= WHAT TO PRODUCE =
If a line in the data holds the string "coefficients", list it.

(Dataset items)
══════════

(* Assume the setting and standing assumptions (A1), (A2) described in the context. If $\Psi^-$ is initially positive and $\Psi^+$ has a negative sign change, then the system exhibits microphase separation for every $\Delta\in\mathcal{D}$ (robust microphase separation).
   Context: Let $n,m\ge 1$, $B\in\mathbb{Z}^{n\times m}$, $C\in\mathbb{Z}^{m\times n}$. Given bounds $0\le \Delta_j^-\le \Delta_j^+<\infty$ ($j=1,\dots,m$), let $\mathcal{D}$ be the set of diagonal matrices $\Delta=\mathrm{diag}(\Delta_1,\dots,\Delta_m)$ with $\Delta_j^-\le\Delta_j\le\Delta_j^+$ for all $j$. Let $J_2,J_4\in\mathbb{R}^{n\times n}$ be symmetric. Standing assumptions: (A1) for every $\Delta\in\mathcal{D}$, the matrix $B\Delta C$ is singular and has $n-1$ eigenvalues (counted with multiplicity) with negative real part (so $0$ is a simple eigenvalue), and there is a nonzero vector $v\ge 0$ with $v^\top B=0$; (A2) $J_2$ is indefinite, $J_4$ is negative semidefinite, and there exists $\bar\kappa$ such that $\bar\kappa^2 J_2+\bar\kappa^4 J_4$ is negative definite. For real $\kappa\ge 0$ and $\Delta\in\mathcal{D}$ set $J(\Delta,\kappa)=B\Delta C+\kappa^2 J_2+\kappa^4 J_4$ and let $\rho(\Delta,\kappa)$ be its spectral abscissa (the maximum real part of its eigenvalues). Define $\Psi^-(\kappa)=\min_{\Delta\in\mathcal{D}}\det[-J(\Delta,\kappa)]$ and $\Psi^+(\kappa)=\max_{\Delta\in\mathcal{D}}\det[-J(\Delta,\kappa)]$. A continuous function $f$ on $[0,\infty)$ is initially positive if there is $\hat\kappa>0$ with $f>0$ on $(0,\hat\kappa)$; it has a negative sign change if $f(\kappa_1)>0>f(\kappa_2)$ for some $\kappa_1<\kappa_2$. For a given $\Delta\in\mathcal{D}$, the system exhibits microphase separation (MS) if there exists $\hat\kappa>0$ with $\rho(\Delta,\kappa)<0$ for all $\kappa\in(0,\hat\kappa)$, and there exist $\hat\kappa<\kappa_1<\kappa_2$ with $\rho(\Delta,\kappa_1)>0$ and $\rho(\Delta,\kappa_2)<0$. *)

theory Defs
  imports "Jordan_Normal_Form.Char_Poly" "HOL-Computational_Algebra.Polynomial"
begin
theorem proposition2:
  fixes s :: "('w::finite set \<Rightarrow> real) \<Rightarrow> ('w \<Rightarrow> ereal)" and M :: real
  assumes bounded: "\<forall>c \<omega>. s c \<omega> \<le> ereal M"
    and qsp: "quasi_strictly_proper s"
    and cont: "continuous_on UNIV s"
  shows "(\<exists>p\<in>Probs. \<bar>expect p (s p)\<bar> = \<infinity>) \<or>
    ((\<forall>(ps :: nat \<Rightarrow> ('w set \<Rightarrow> real)) p.
        (\<forall>n. ps n \<in> Probs) \<and> p \<in> Probs \<and> (\<forall>\<omega>. (\<lambda>n. ps n {\<omega>}) \<longlonglongrightarrow> p {\<omega>}) \<and>
        (\<forall>n. finite_score (s (ps n))) \<and> \<not> finite_score (s p)
        \<longrightarrow> (\<lambda>n. expect (ps n) (s (ps n))) \<longlonglongrightarrow> expect p (s p)) \<and>
     dense_in (finite_prob_scores s) (pos_boundary (convex hull (finite_prob_scores s))))"
proof (cases "\<exists>p\<in>Probs. \<bar>expect p (s p)\<bar> = \<infinity>")
  case False
  then interpret continuous_proper_score s M
    using bounded qsp cont by unfold_locales (auto simp: quasi_strictly_proper_def)
  show ?thesis
    using self_expect_tendsto dense_in_if_subset[OF pos_boundary_subset_finite_prob_scores]
    by blast
qed simp

end
lemma group_heisenberg: "group (heisenberg N)"
proof (rule groupI)
  fix x y z
  assume "x \<in> carrier (heisenberg N)" "y \<in> carrier (heisenberg N)" "z \<in> carrier (heisenberg N)"
  then obtain p q r where "x = to_nat (heis_reduce N p)" "y = to_nat (heis_reduce N q)"
    "z = to_nat (heis_reduce N r)"
    by (auto simp: heisenberg_def)
  then show "x \<otimes>\<^bsub>heisenberg N\<^esub> y \<in> carrier (heisenberg N)"
    and "x \<otimes>\<^bsub>heisenberg N\<^esub> y \<otimes>\<^bsub>heisenberg N\<^esub> z = x \<otimes>\<^bsub>heisenberg N\<^esub> (y \<otimes>\<^bsub>heisenberg N\<^esub> z)"
    by (simp_all add: heisenberg_mult heis_mult_assoc) (simp add: heisenberg_def)
next
  fix x
  assume "x \<in> carrier (heisenberg N)"
  then obtain a b c where x: "x = to_nat (heis_reduce N (a, b, c))"
    by (rule heisenberg_carrierE)
  show "\<one>\<^bsub>heisenberg N\<^esub> \<otimes>\<^bsub>heisenberg N\<^esub> x = x"
    unfolding x heisenberg_one heisenberg_mult by simp
  show "\<exists>y\<in>carrier (heisenberg N). y \<otimes>\<^bsub>heisenberg N\<^esub> x = \<one>\<^bsub>heisenberg N\<^esub>"
  proof
    show "to_nat (heis_reduce N (heis_inv (a, b, c))) \<otimes>\<^bsub>heisenberg N\<^esub> x = \<one>\<^bsub>heisenberg N\<^esub>"
      unfolding x heisenberg_one heisenberg_mult by simp
  qed (rule heisenberg_elem_in_carrier)
qed (simp only: heisenberg_one heisenberg_elem_in_carrier)

lemma finite_carrier_heisenberg:
  assumes "N > 0"
  shows "finite (carrier (heisenberg N))"
proof -
  have "range (heis_reduce N) \<subseteq> {0..<N} \<times> {0..<N} \<times> {0..<N}"
    using assms by auto
  then have "finite (range (heis_reduce N))"
    by (rule finite_subset) simp
  then show ?thesis
    by (simp add: heisenberg_def)
qed

lemma heisenberg_inv:
  "inv\<^bsub>heisenberg N\<^esub> (to_nat (heis_reduce N p)) = to_nat (heis_reduce N (heis_inv p))"
proof (rule group.inv_equality[OF group_heisenberg])
  show "to_nat (heis_reduce N (heis_inv p)) \<otimes>\<^bsub>heisenberg N\<^esub> to_nat (heis_reduce N p) =
      \<one>\<^bsub>heisenberg N\<^esub>"
    unfolding heisenberg_mult heisenberg_one by (cases p) simp
qed (simp_all add: heisenberg_elem_in_carrier)

lemma heisenberg_center: "to_nat (heis_reduce N (0, 0, z)) \<in> group_center (heisenberg N)"
proof -
  have "to_nat (heis_reduce N (0, 0, z)) \<otimes>\<^bsub>heisenberg N\<^esub> x =
      x \<otimes>\<^bsub>heisenberg N\<^esub> to_nat (heis_reduce N (0, 0, z))"
    if x_carrier: "x \<in> carrier (heisenberg N)" for x
  proof -
    obtain a b c where x: "x = to_nat (heis_reduce N (a, b, c))"
      using x_carrier by (rule heisenberg_carrierE)
    show ?thesis
      unfolding x heisenberg_mult by (simp add: ac_simps)
  qed
  then show ?thesis
    unfolding group_center_def using heisenberg_elem_in_carrier by blast
qed

lemma commutators_central_heisenberg: "commutators_central (heisenberg N)"
  unfolding commutators_central_def
proof (intro ballI)
  fix x y
  assume "x \<in> carrier (heisenberg N)" "y \<in> carrier (heisenberg N)"
  then obtain a b c a' b' c' where x: "x = to_nat (heis_reduce N (a, b, c))"
    and y: "y = to_nat (heis_reduce N (a', b', c'))"
    by (metis heisenberg_carrierE)
  have "commutator (heisenberg N) x y = to_nat (heis_reduce N (0, 0, a * b' - a' * b))"
    unfolding commutator_def x y heisenberg_inv heisenberg_mult by (simp add: algebra_simps)
  then show "commutator (heisenberg N) x y \<in> group_center (heisenberg N)"
    using heisenberg_center by metis
qed

lemma heisenberg_commute_iff:
  "to_nat (heis_reduce N (a, b, c)) \<otimes>\<^bsub>heisenberg N\<^esub> to_nat (heis_reduce N (a', b', c')) =
    to_nat (heis_reduce N (a', b', c')) \<otimes>\<^bsub>heisenberg N\<^esub> to_nat (heis_reduce N (a, b, c))
    \<longleftrightarrow> N dvd a * b' - a' * b"
  unfolding heisenberg_mult heisenberg_elem_eq_iff
  by (simp add: mod_eq_dvd_iff ac_simps)

lemma heisenberg_nat_pow:
  assumes "N dvd a * b"
  shows "to_nat (heis_reduce N (a, b, 0)) [^]\<^bsub>heisenberg N\<^esub> k =
    to_nat (heis_reduce N (int k * a, int k * b, 0))"
proof (induction k)
  case 0
  show ?case
    by (simp add: heisenberg_one)
next
  case (Suc k)
  have "N dvd int k * a * b"
    using assms by (simp add: mult.assoc)
  then show ?case
    unfolding nat_pow_Suc Suc heisenberg_mult by (simp add: algebra_simps)
qed

lemma heisenberg_nat_pow_eq_one:
  assumes "N dvd a * b" "N dvd int k * a" "N dvd int k * b"
  shows "to_nat (heis_reduce N (a, b, 0)) [^]\<^bsub>heisenberg N\<^esub> k = \<one>\<^bsub>heisenberg N\<^esub>"
  unfolding heisenberg_nat_pow[OF assms(1)] heisenberg_one using assms(2,3) by simp

lemma nilpotent_heisenberg: "nilpotent_group (heisenberg N)"
  using group.nilpotent_if_commutators_central[OF group_heisenberg commutators_central_heisenberg] .

lemma schur_cover_heisenberg:
  assumes "N > 0"
  shows "\<exists>(E :: nat monoid) \<pi>. schur_cover E (heisenberg N) \<pi>"
  using stem_extension_card_le[OF _ finite_carrier_heisenberg[OF assms]
      commutators_central_heisenberg]
  by (intro schur_cover_exists[OF group_heisenberg]) blast

section \<open>Encoding a graph by divisibility\<close>

lemma ex_inj_on_primes:
  assumes "finite L"
  obtains p :: "'l \<Rightarrow> nat" where "inj_on p L" "\<And>l. l \<in> L \<Longrightarrow> Factorial_Ring.prime (p l)"
proof -
  have "\<exists>P. finite P \<and> card P = card L \<and> P \<subseteq> {p :: nat. Factorial_Ring.prime p}"
    by (rule infinite_arbitrarily_large[OF primes_infinite])
  then obtain P where P: "finite P" "card P = card L" "P \<subseteq> {p :: nat. Factorial_Ring.prime p}"
    by blast
  obtain p where p: "bij_betw p L P"
    using finite_same_card_bij[OF assms P(1) P(2)[symmetric]] by blast
  show ?thesis
  proof (rule that)
    show "inj_on p L"
      using p by (rule bij_betw_imp_inj_on)
    show "Factorial_Ring.prime (p l)" if "l \<in> L" for l
      using bij_betw_apply[OF p that] P(3) by blast
  qed
qed

lemma prod_dvd_prod_mult_prod_diff:
  fixes f :: "'a \<Rightarrow> 'b::comm_monoid_mult"
  assumes "finite L" "finite S" "L \<inter> Y \<subseteq> S"
  shows "prod f L dvd prod f S * prod f (L - Y)"
proof -
  have "prod f L = prod f (L - Y) * prod f (L \<inter> Y)"
    using prod.subset_diff[of "L \<inter> Y" L f] assms(1) by (simp add: Diff_Int)
  moreover have "prod f (L \<inter> Y) dvd prod f S"
    using assms(2,3) by (rule prod_dvd_prod_subset)
  ultimately show ?thesis
    by (metis dvd_refl mult.commute mult_dvd_mono)
qed

context
  fixes p :: "'l \<Rightarrow> nat" and L :: "'l set"
  assumes inj: "inj_on p L" and prime: "\<And>l. l \<in> L \<Longrightarrow> Factorial_Ring.prime (p l)"
begin

lemma prime_dvd_prod_diff_iff:
  assumes "finite L" "l \<in> L"
  shows "int (p l) dvd (\<Prod>i\<in>L - Y. int (p i)) \<longleftrightarrow> l \<notin> Y"
proof
  assume "int (p l) dvd (\<Prod>i\<in>L - Y. int (p i))"
  then obtain i where i: "i \<in> L - Y" "int (p l) dvd int (p i)"
    using prime_dvd_prod_iff[of "L - Y" "int (p l)" "\<lambda>i. int (p i)"] prime assms by auto
  then have "p l = p i"
    using prime assms by (simp add: primes_dvd_imp_eq)
  then show "l \<notin> Y"
    using inj_onD[OF inj] i assms by blast
qed (use assms in \<open>auto intro: dvd_prodI\<close>)

lemma coprime_prod_prod_if_disjoint:
  assumes "S \<subseteq> L" "T \<subseteq> L" "S \<inter> T = {}"
  shows "coprime (prod p S) (prod p T)"
proof (intro prod_coprime_left prod_coprime_right)
  fix i j
  assume "i \<in> S" "j \<in> T"
  then have "i \<noteq> j" "i \<in> L" "j \<in> L"
    using assms by blast+
  then have "p i \<noteq> p j"
    by (rule inj_on_contraD[OF inj])
  moreover have "Factorial_Ring.prime (p i)" "Factorial_Ring.prime (p j)"
    using \<open>i \<in> S\<close> \<open>j \<in> T\<close> assms prime by auto
  ultimately show "coprime (p i) (p j)"
    by (simp add: primes_coprime)
qed

lemma not_prod_dvd_diff:
  assumes "finite L" "l \<in> L" "l \<in> A" "l \<notin> A'"
  shows "\<not> (\<Prod>i\<in>L. int (p i)) dvd (\<Prod>i\<in>L - A. int (p i)) - (\<Prod>i\<in>L - A'. int (p i))"
proof
  assume N_dvd: "(\<Prod>i\<in>L. int (p i)) dvd (\<Prod>i\<in>L - A. int (p i)) - (\<Prod>i\<in>L - A'. int (p i))"
  have "int (p l) dvd (\<Prod>i\<in>L. int (p i))"
    using assms(1,2) by (rule dvd_prodI)
  then have "int (p l) dvd (\<Prod>i\<in>L - A. int (p i)) - (\<Prod>i\<in>L - A'. int (p i))
      + (\<Prod>i\<in>L - A'. int (p i))"
    using N_dvd prime_dvd_prod_diff_iff[OF assms(1,2)] assms(4) by (blast intro: dvd_add dvd_trans)
  then show False
    using prime_dvd_prod_diff_iff[OF assms(1,2)] assms(3) by simp
qed

lemma not_prod_dvd_cross_diff:
  assumes "finite L" "l \<in> L" "l \<in> A" "l \<in> B'" "l \<notin> A'"
  shows "\<not> (\<Prod>i\<in>L. int (p i)) dvd
    (\<Prod>i\<in>L - A. int (p i)) * (\<Prod>i\<in>L - B'. int (p i)) -
    (\<Prod>i\<in>L - A'. int (p i)) * (\<Prod>i\<in>L - B. int (p i))"
    (is "\<not> ?N dvd ?a * ?b' - ?a' * ?b")
proof
  assume N_dvd: "?N dvd ?a * ?b' - ?a' * ?b"
  have "int (p l) dvd ?N"
    using assms(1,2) by (rule dvd_prodI)
  then have "int (p l) dvd ?a * ?b' - ?a' * ?b + ?a' * ?b"
    using N_dvd prime_dvd_prod_diff_iff[OF assms(1,2)] assms(5)
    by (blast intro: dvd_add dvd_trans dvd_mult2)
  moreover have "Factorial_Ring.prime (int (p l))"
    using prime[OF assms(2)] by simp
  ultimately show False
    using prime_dvd_prod_diff_iff[OF assms(1,2)] assms(3,4) by (simp add: prime_dvd_mult_iff)
qed

end
(* Let $\Omega\subset\mathbb{R}^d$, let $\Psi_K,\Phi_K$ be stationary, positive definite kernels, integrable on $\mathbb{R}^d$, and set $\Psi_G=\Psi_K$, $\Phi_G=\Phi_K$. Let $X=\{x_1,\dots,x_n\}\subset\Omega$ be a fixed design and let $\epsilon_1,\dots,\epsilon_n$ be i.i.d. with mean zero and variance $\sigma_\epsilon^2$. Let $f\in\mathcal{N}_{\Psi_K}(\Omega)$ be deterministic with data $y_k=f(x_k)+\epsilon_k$, and let $\hat f_m$ be the kernel ridge regression estimator $$\hat f_m=\operatorname*{argmin}_{g\in\mathcal{N}_{\Phi_K}(\Omega)}\Big(\frac1n\sum_{k=1}^n(y_k-g(x_k))^2+\lambda_m\|g\|_{\mathcal{N}_{\Phi_K}(\Omega)}^2\Big).$$ Let $Z\sim GP(0,\Psi_G)$ (zero mean, covariance $\Psi_G(x-x')$), independent of the noise, with data $y'_k=Z(x_k)+\epsilon_k$, and let $\hat f_G(x)=r_m(x)^T(R_m+\mu_mI_n)^{-1}Y'$, where $r_m(x)=(\Phi_G(x-x_j))_j$, $R_m=(\Phi_G(x_j-x_k))_{jk}$, $Y'=(y'_k)_k$. Suppose $\lambda_m=\mu_m/n$. Then $$\mathbb{E}(f(x)-\hat f_m(x))^2\le C\,\mathbb{E}(Z(x)-\hat f_G(x))^2\quad\forall x\in\Omega,$$ where $C=\max(1,\|f\|_{\mathcal{N}_{\Psi_K}(\Omega)}^2)$.
   Context: For a stationary positive definite kernel $K$, $\mathcal{N}_K(\Omega)$ denotes the reproducing kernel Hilbert space on $\Omega$: the closure of finite sums $\sum_k\beta_kK(\cdot-x_k)$, $x_k\in\Omega$, under the inner product $\langle\sum_k\beta_kK(\cdot-x_k),\sum_j\gamma_jK(\cdot-x'_j)\rangle=\sum_{k,j}\beta_k\gamma_jK(x_k-x'_j)$. *)

theory Defs
  imports "HOL-Analysis.Analysis" "HOL-Probability.Probability"
begin

text \<open>Finitely supported coefficient functions with centres in \<Omega>; they encode the
  finite sums \<open>\<Sum>_k \<beta>_k K(\<cdot> - x_k)\<close>.\<close>
definition fin_coeffs :: "'a set \<Rightarrow> ('a \<Rightarrow> real) \<Rightarrow> bool" where
  "fin_coeffs \<Omega> c \<longleftrightarrow> finite {y. c y \<noteq> 0} \<and> {y. c y \<noteq> 0} \<subseteq> \<Omega>"

definition kfun :: "('a::ab_group_add \<Rightarrow> real) \<Rightarrow> ('a \<Rightarrow> real) \<Rightarrow> 'a \<Rightarrow> real" where
  "kfun K c x = (\<Sum>y\<in>{y. c y \<noteq> 0}. c y * K (x - y))"

definition kip :: "('a::ab_group_add \<Rightarrow> real) \<Rightarrow> ('a \<Rightarrow> real) \<Rightarrow> ('a \<Rightarrow> real) \<Rightarrow> real" where
  "kip K c d = (\<Sum>y\<in>{y. c y \<noteq> 0}. \<Sum>z\<in>{z. d z \<noteq> 0}. c y * d z * K (y - z))"

definition stationary_pd_kernel :: "('a::ab_group_add \<Rightarrow> real) \<Rightarrow> bool" where
  "stationary_pd_kernel K \<longleftrightarrow> (\<forall>x. K (- x) = K x) \<and>
     (\<forall>c. finite {y. c y \<noteq> 0} \<and> (\<exists>y. c y \<noteq> 0) \<longrightarrow> kip K c c > 0)"

text \<open>A sequence of finite sums which is Cauchy in the native norm and converges
  pointwise on \<Omega> to f (realising f as an element of the completion).\<close>
definition native_approx :: "('a::ab_group_add \<Rightarrow> real) \<Rightarrow> 'a set \<Rightarrow> (nat \<Rightarrow> 'a \<Rightarrow> real) \<Rightarrow> ('a \<Rightarrow> real) \<Rightarrow> bool" where
  "native_approx K \<Omega> c f \<longleftrightarrow> (\<forall>j. fin_coeffs \<Omega> (c j)) \<and>
     (\<forall>e>0. \<exists>N. \<forall>i\<ge>N. \<forall>j\<ge>N. kip K (\<lambda>y. c i y - c j y) (\<lambda>y. c i y - c j y) < e) \<and>
     (\<forall>x\<in>\<Omega>. (\<lambda>j. kfun K (c j) x) \<longlonglongrightarrow> f x)"

definition native_space :: "('a::ab_group_add \<Rightarrow> real) \<Rightarrow> 'a set \<Rightarrow> ('a \<Rightarrow> real) set" where
  "native_space K \<Omega> = {f. \<exists>c. native_approx K \<Omega> c f}"

definition native_norm :: "('a::ab_group_add \<Rightarrow> real) \<Rightarrow> 'a set \<Rightarrow> ('a \<Rightarrow> real) \<Rightarrow> real" where
  "native_norm K \<Omega> f = (THE r. \<exists>c. native_approx K \<Omega> c f \<and>
      (\<lambda>j. sqrt (kip K (c j) (c j))) \<longlonglongrightarrow> r)"

definition krr_obj :: "('a::ab_group_add \<Rightarrow> real) \<Rightarrow> 'a set \<Rightarrow> ('n::finite \<Rightarrow> 'a) \<Rightarrow> ('n \<Rightarrow> real) \<Rightarrow> real \<Rightarrow> ('a \<Rightarrow> real) \<Rightarrow> real" where
  "krr_obj \<Phi> \<Omega> X y lam g =
     (1 / real CARD('n)) * (\<Sum>k\<in>UNIV. (y k - g (X k))^2) + lam * (native_norm \<Phi> \<Omega> g)^2"

definition krr :: "('a::ab_group_add \<Rightarrow> real) \<Rightarrow> 'a set \<Rightarrow> ('n::finite \<Rightarrow> 'a) \<Rightarrow> ('n \<Rightarrow> real) \<Rightarrow> real \<Rightarrow> ('a \<Rightarrow> real)" where
  "krr \<Phi> \<Omega> X y lam = (SOME g. g \<in> native_space \<Phi> \<Omega> \<and>
      (\<forall>h\<in>native_space \<Phi> \<Omega>. krr_obj \<Phi> \<Omega> X y lam g \<le> krr_obj \<Phi> \<Omega> X y lam h))"

definition centered_gp :: "'w measure \<Rightarrow> 'a set \<Rightarrow> ('a::ab_group_add \<Rightarrow> real) \<Rightarrow> ('a \<Rightarrow> 'w \<Rightarrow> real) \<Rightarrow> bool" where
  "centered_gp M \<Omega> \<Psi> Z \<longleftrightarrow> (\<forall>c. fin_coeffs \<Omega> c \<and> (\<exists>y. c y \<noteq> 0) \<longrightarrow>
     distributed M lborel (\<lambda>\<omega>. \<Sum>y\<in>{y. c y \<noteq> 0}. c y * Z y \<omega>)
        (normal_density 0 (sqrt (kip \<Psi> c c))))"

definition gp_pred :: "('a::ab_group_add \<Rightarrow> real) \<Rightarrow> ('n::finite \<Rightarrow> 'a) \<Rightarrow> real \<Rightarrow> real^'n \<Rightarrow> 'a \<Rightarrow> real" where
  "gp_pred \<Phi> X \<mu> Y x =
     (\<chi> j. \<Phi> (x - X j)) \<bullet> (matrix_inv ((\<chi> j k. \<Phi> (X j - X k)) + \<mu> *\<^sub>R mat 1) *v Y)"

end

theory Submission
  imports Defs
begin

text \<open>On \<open>\<Omega>\<close> the kernel ridge regression estimator coincides with the kernel sum whose
  coefficients solve the regularised Gram system, i.e. with the GP predictor; hence both
  estimators are the same linear smoother \<open>\<Sum>\<^sub>k w\<^sub>k y\<^sub>k\<close>. Let \<open>d\<close> be the coefficients of the
  functional \<open>g \<mapsto> g(x) - \<Sum>\<^sub>k w\<^sub>k g(x\<^sub>k)\<close>. The noise being centered, uncorrelated and independent
  of \<open>Z\<close>, the KRR error is \<open>d(f)\<^sup>2 + \<sigma>\<^sup>2 |w|\<^sup>2\<close> and the GP error is \<open>\<langle>d, d\<rangle>\<^sub>\<Psi> + \<sigma>\<^sup>2 |w|\<^sup>2\<close>,
  since \<open>d(Z)\<close> is centered normal with variance \<open>\<langle>d, d\<rangle>\<^sub>\<Psi>\<close>. Cauchy-Schwarz in the native space,
  \<open>d(f)\<^sup>2 \<le> \<langle>d, d\<rangle>\<^sub>\<Psi> \<parallel>f\<parallel>\<^sup>2\<close>, concludes.\<close>

section \<open>Finite kernel sums\<close>

abbreviation finite_supp :: "('a \<Rightarrow> real) \<Rightarrow> bool" where
  "finite_supp c \<equiv> finite {y. c y \<noteq> 0}"

definition pairing :: "('a \<Rightarrow> real) \<Rightarrow> ('a \<Rightarrow> real) \<Rightarrow> real" where
  "pairing c g = (\<Sum>y\<in>{y. c y \<noteq> 0}. c y * g y)"

lemma pairing_superset:
  assumes "finite S" "{y. c y \<noteq> 0} \<subseteq> S"
  shows "pairing c g = (\<Sum>y\<in>S. c y * g y)"
  unfolding pairing_def by (rule sum.mono_neutral_left) (use assms in auto)

lemma finite_supp_lin:
  assumes "finite_supp c" "finite_supp d"
  shows "finite_supp (\<lambda>y. s * c y + t * d y)"
  by (rule finite_subset[of _ "{y. c y \<noteq> 0} \<union> {y. d y \<noteq> 0}"]) (use assms in auto)

lemma finite_supp_diff: "finite_supp c \<Longrightarrow> finite_supp d \<Longrightarrow> finite_supp (\<lambda>y. c y - d y)"
  using finite_supp_lin[of c d 1 "-1"] by simp

lemma finite_supp_add: "finite_supp c \<Longrightarrow> finite_supp d \<Longrightarrow> finite_supp (\<lambda>y. c y + d y)"
  using finite_supp_lin[of c d 1 1] by simp

lemma pairing_lin_left:
  assumes "finite_supp c" "finite_supp d"
  shows "pairing (\<lambda>y. s * c y + t * d y) g = s * pairing c g + t * pairing d g"
proof -
  let ?S = "{y. c y \<noteq> 0} \<union> {y. d y \<noteq> 0}"
  have "finite ?S" using assms by simp
  then show ?thesis
    by (subst (1 2 3) pairing_superset[of ?S])
       (auto simp: sum.distrib sum_distrib_left algebra_simps)
qed

lemma pairing_lin_right: "pairing c (\<lambda>y. s * g y + t * h y) = s * pairing c g + t * pairing c h"
  unfolding pairing_def by (simp add: sum.distrib sum_distrib_left algebra_simps)

lemma supp_indicator_singleton [simp]: "{y. indicator {x} y \<noteq> (0::real)} = {x}"
  by (auto simp: indicator_def)

lemma pairing_indicator: "pairing (indicator {x}) g = g x"
  unfolding pairing_def by simp

lemma kfun_eq_pairing: "kfun K c x = pairing c (\<lambda>y. K (x - y))"
  unfolding kfun_def pairing_def ..

lemma kip_eq_pairing: "kip K c d = pairing c (kfun K d)"
  unfolding kip_def kfun_def pairing_def by (simp add: sum_distrib_left mult.assoc)

lemma kfun_lin:
  "finite_supp c \<Longrightarrow> finite_supp d \<Longrightarrow>
    kfun K (\<lambda>y. s * c y + t * d y) x = s * kfun K c x + t * kfun K d x"
  unfolding kfun_eq_pairing by (rule pairing_lin_left)

lemma kfun_diff: "finite_supp c \<Longrightarrow> finite_supp d \<Longrightarrow> kfun K (\<lambda>y. c y - d y) x = kfun K c x - kfun K d x"
  using kfun_lin[of c d K 1 "-1"] by simp

lemma kfun_add: "finite_supp c \<Longrightarrow> finite_supp d \<Longrightarrow> kfun K (\<lambda>y. c y + d y) x = kfun K c x + kfun K d x"
  using kfun_lin[of c d K 1 1] by simp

══════════

= OUTPUT OF THE EXERCISE =
  coefficients solve the regularised Gram system, i.e. with the GP predictor; hence both
  estimators are the same linear smoother \<open>\<Sum>\<^sub>k w\<^sub>k y\<^sub>k\<close>. Let \<open>d\<close> be the coefficients of the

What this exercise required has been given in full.